CACI is currently looking to hire multiple Software Assurance Professionals that have web application development experience to join the Risk and Accreditation team to support a government clients DAO. We are looking for individuals that have at least 2+ years of experience to SME level. Members of the Software Approval Process (SWAP) review all non-Standard software and analyze results. Prepare reports and recommendations that document test and evaluation results to provide evaluations of program and system vulnerabilities as they relate to the reviewed software. Based upon Key Component request, reviews open source and foreign owned software in order to make a risk determination associated with its use and makes risk acceptance recommendation to the DAO.
- Review and test security configuration baselines for facilities, systems, and processes, and ensure the continuing validity of baselines and Prepare reports and recommendations that document test and evaluation results
- Conduct Software assurance testing using software vulnerability testing tools
- Conduct Foreigner Owned Controlled and Influence assessments
- Conduct Software Approval Open Source assessments
- Conduct NGA developed custom code assessments
- DoD 8570 Certification IAT or IAM Level III within 6 months of hire
- Knowledge in software development using Java, Microsoft .NET (C# or VB) OR C/C++ 5+ years.

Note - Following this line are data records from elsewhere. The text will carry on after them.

(* Let $a,b>0$ with $a+b\leq 1$, and let $c\in\mathbb{R}$. Define $$f_{a,b,c}(x)=\frac{{}_2F_1(a,b;a+b;x)}{c-\log(1-x)}.$$ Define on $[0,1)$ the functions $$h(x)=\frac{(ab)^2}{(a+b)(a+b+1)}(1-x)\,{}_2F_1(a+1,b+1;a+b+2;x)+\frac{ab}{a+b}\,{}_2F_1(a,b;a+b+1;x),$$ $$g(x)=-\Big(\frac{2ab}{a+b}\,{}_2F_1(a,b;a+b+1;x)+{}_2F_1(a,b;a+b;x)\Big),\qquad \Delta(x)=g(x)^2-8h(x)\,{}_2F_1(a,b;a+b;x),$$ $$\omega_\pm(x)=\frac{-g(x)\pm\sqrt{\Delta(x)}}{2h(x)},\qquad \varphi_\pm(x)=\log(1-x)+\omega_\pm(x),$$ and set $\alpha_0=\max_{x\in[0,1)}\varphi_+(x)$, $\delta_-=\max_{x\in[0,1)}\varphi_-(x)$, $\delta_+=\min_{x\in[0,1)}\varphi_+(x)$. Then $f_{a,b,c}$ is convex on $[0,1)$ if and only if $c\geq\alpha_0$, and $f_{a,b,c}$ is concave on $[0,1)$ if and only if $c\in[\delta_-,\delta_+]$.
   Context: ${}_2F_1(a,b;c;x)=\sum_{n\geq0}\frac{(a)_n(b)_n}{(c)_n}\frac{x^n}{n!}$ is the Gauss hypergeometric function, with $(a)_n=\Gamma(a+n)/\Gamma(a)$. *)

theory Defs
  imports "HOL-Analysis.Analysis"
begin

text \<open>Gauss hypergeometric function 2F1(a,b;c;x) as the sum of its power series
  (used here only for 0 <= x < 1, where the series converges absolutely).\<close>
definition hyp2F1 :: "real \<Rightarrow> real \<Rightarrow> real \<Rightarrow> real \<Rightarrow> real" where
  "hyp2F1 a b c x =
     (\<Sum>n. pochhammer a n * pochhammer b n / pochhammer c n * x ^ n / fact n)"

definition f_abc :: "real \<Rightarrow> real \<Rightarrow> real \<Rightarrow> real \<Rightarrow> real" where
  "f_abc a b c x = hyp2F1 a b (a + b) x / (c - ln (1 - x))"

definition h_fun :: "real \<Rightarrow> real \<Rightarrow> real \<Rightarrow> real" where
  "h_fun a b x = (a * b)^2 / ((a + b) * (a + b + 1)) * (1 - x) * hyp2F1 (a + 1) (b + 1) (a + b + 2) x
                 + a * b / (a + b) * hyp2F1 a b (a + b + 1) x"

definition g_fun :: "real \<Rightarrow> real \<Rightarrow> real \<Rightarrow> real" where
  "g_fun a b x = - (2 * a * b / (a + b) * hyp2F1 a b (a + b + 1) x + hyp2F1 a b (a + b) x)"

definition Delta_fun :: "real \<Rightarrow> real \<Rightarrow> real \<Rightarrow> real" where
  "Delta_fun a b x = (g_fun a b x)^2 - 8 * h_fun a b x * hyp2F1 a b (a + b) x"

definition omega_plus :: "real \<Rightarrow> real \<Rightarrow> real \<Rightarrow> real" where
  "omega_plus a b x = (- g_fun a b x + sqrt (Delta_fun a b x)) / (2 * h_fun a b x)"

definition omega_minus :: "real \<Rightarrow> real \<Rightarrow> real \<Rightarrow> real" where
  "omega_minus a b x = (- g_fun a b x - sqrt (Delta_fun a b x)) / (2 * h_fun a b x)"

definition phi_plus :: "real \<Rightarrow> real \<Rightarrow> real \<Rightarrow> real" where
  "phi_plus a b x = ln (1 - x) + omega_plus a b x"

definition phi_minus :: "real \<Rightarrow> real \<Rightarrow> real \<Rightarrow> real" where
  "phi_minus a b x = ln (1 - x) + omega_minus a b x"

end

theory Submission
  imports Defs "HOL-Real_Asymp.Real_Asymp"
begin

Knowledge of common build tools (e.g. ant, make, maven, msbuild, etc.).
- Knowledge in developing and/or deploying web applications. Knowledge of software, computer, and network architectures.

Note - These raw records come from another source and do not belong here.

(* Let $\varepsilon<\frac1{4\sqrt2}$ and let $|\nu\rangle=\frac1{\sqrt2}\big(|0^n\rangle|\psi_0\rangle+|1^n\rangle|\psi_1\rangle\big)$ be an $n$-nekomata state, where $|\psi_0\rangle,|\psi_1\rangle$ are arbitrary states on the same number of qubits. Then $\deg_\varepsilon(|\nu\rangle\langle\nu|)\ge n$. In particular, for the cat state $|\mathrm{Cat}_n\rangle=\frac1{\sqrt2}(|0^n\rangle+|1^n\rangle)$, $\deg_\varepsilon(|\mathrm{Cat}_n\rangle\langle\mathrm{Cat}_n|)\ge n$.
   Context: Pauli degree: with $P_\sigma=\bigotimes_iP_{\sigma_i}$, $P_0=I,P_1=X,P_2=Y,P_3=Z$, every $2^m\times2^m$ matrix is $A=\sum_\sigma\hat A(\sigma)P_\sigma$, $\deg(A)=\max\{|\{i:\sigma_i\ne0\}|:\hat A(\sigma)\ne0\}$, and $\deg_\varepsilon(A)=\min\{\deg(B):\|A-B\|\le\varepsilon\}$ with $\|\cdot\|$ the spectral norm. *)

theory Defs
  imports "HOL-Analysis.Analysis" "HOL-Library.Extended_Nat"
begin

text \<open>Computational basis of m qubits: bit strings of length m (qubit i is the i-th
  tensor factor). A 2^m x 2^m matrix is a function on pairs of basis strings; only its
  values on bit strings of length m matter.\<close>

definition bits :: "nat \<Rightarrow> bool list set" where
  "bits m = {xs. length xs = m}"

definition vnorm :: "nat \<Rightarrow> (bool list \<Rightarrow> complex) \<Rightarrow> real" where
  "vnorm m v = sqrt (\<Sum>x\<in>bits m. (cmod (v x))\<^sup>2)"

definition mat_vec :: "nat \<Rightarrow> (bool list \<Rightarrow> bool list \<Rightarrow> complex) \<Rightarrow> (bool list \<Rightarrow> complex) \<Rightarrow> (bool list \<Rightarrow> complex)" where
  "mat_vec m A v = (\<lambda>x. \<Sum>y\<in>bits m. A x y * v y)"

definition spec_norm :: "nat \<Rightarrow> (bool list \<Rightarrow> bool list \<Rightarrow> complex) \<Rightarrow> real" where
  "spec_norm m A = (SUP v\<in>{v. vnorm m v = 1}. vnorm m (mat_vec m A v))"

text \<open>Single-qubit Pauli matrices P_0 = I, P_1 = X, P_2 = Y, P_3 = Z;
  entry (row x, column y), with False = |0>, True = |1>.\<close>

definition pauli1 :: "nat \<Rightarrow> bool \<Rightarrow> bool \<Rightarrow> complex" where
  "pauli1 s x y =
     (if s = 0 then (if x = y then 1 else 0)
      else if s = 1 then (if x \<noteq> y then 1 else 0)
      else if s = 2 then (if x = False \<and> y = True then - \<i> else if x = True \<and> y = False then \<i> else 0)
      else (if x = y then (if x then -1 else 1) else 0))"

- Knowledge and experience in enterprise security or application security. Prior experience working with Federal government organizations (DoD, Civilian agencies).
- Be highly motivated, competitive, entrepreneurial and attracted to challenging opportunities. Have demonstrated the ability to work in a fast-paced environment where organizational skills are essential; have strong problem solving, analytical, interpersonal, and ownership skills.
- Possess excellent collaboration skills with a wide variety of internal team members. Be an intelligent, self-starting, self-confident individual with integrity and accountability. Possess strong written and verbal communication skills as well as presentation skills.
- Knowledge of Mobile application security testing experience a plus.
- Experience using of HPE Fortify or HPE WebInspect or similar tools
- Experience with multiple operating systems is strongly desired.
- CISSP, CSSLP, CISA, CEH, and/or MCSE/MCITP certifications are preferable.
EDUCATION & EXPERIENCE:
Typically requires a bachelor's degree or equivalent and two to 15 years of related experience.
Normal demands associated with an office environment. Ability to work on computer for long periods, and communicate with individuals by telephone, email and face to face. Some travel may be required.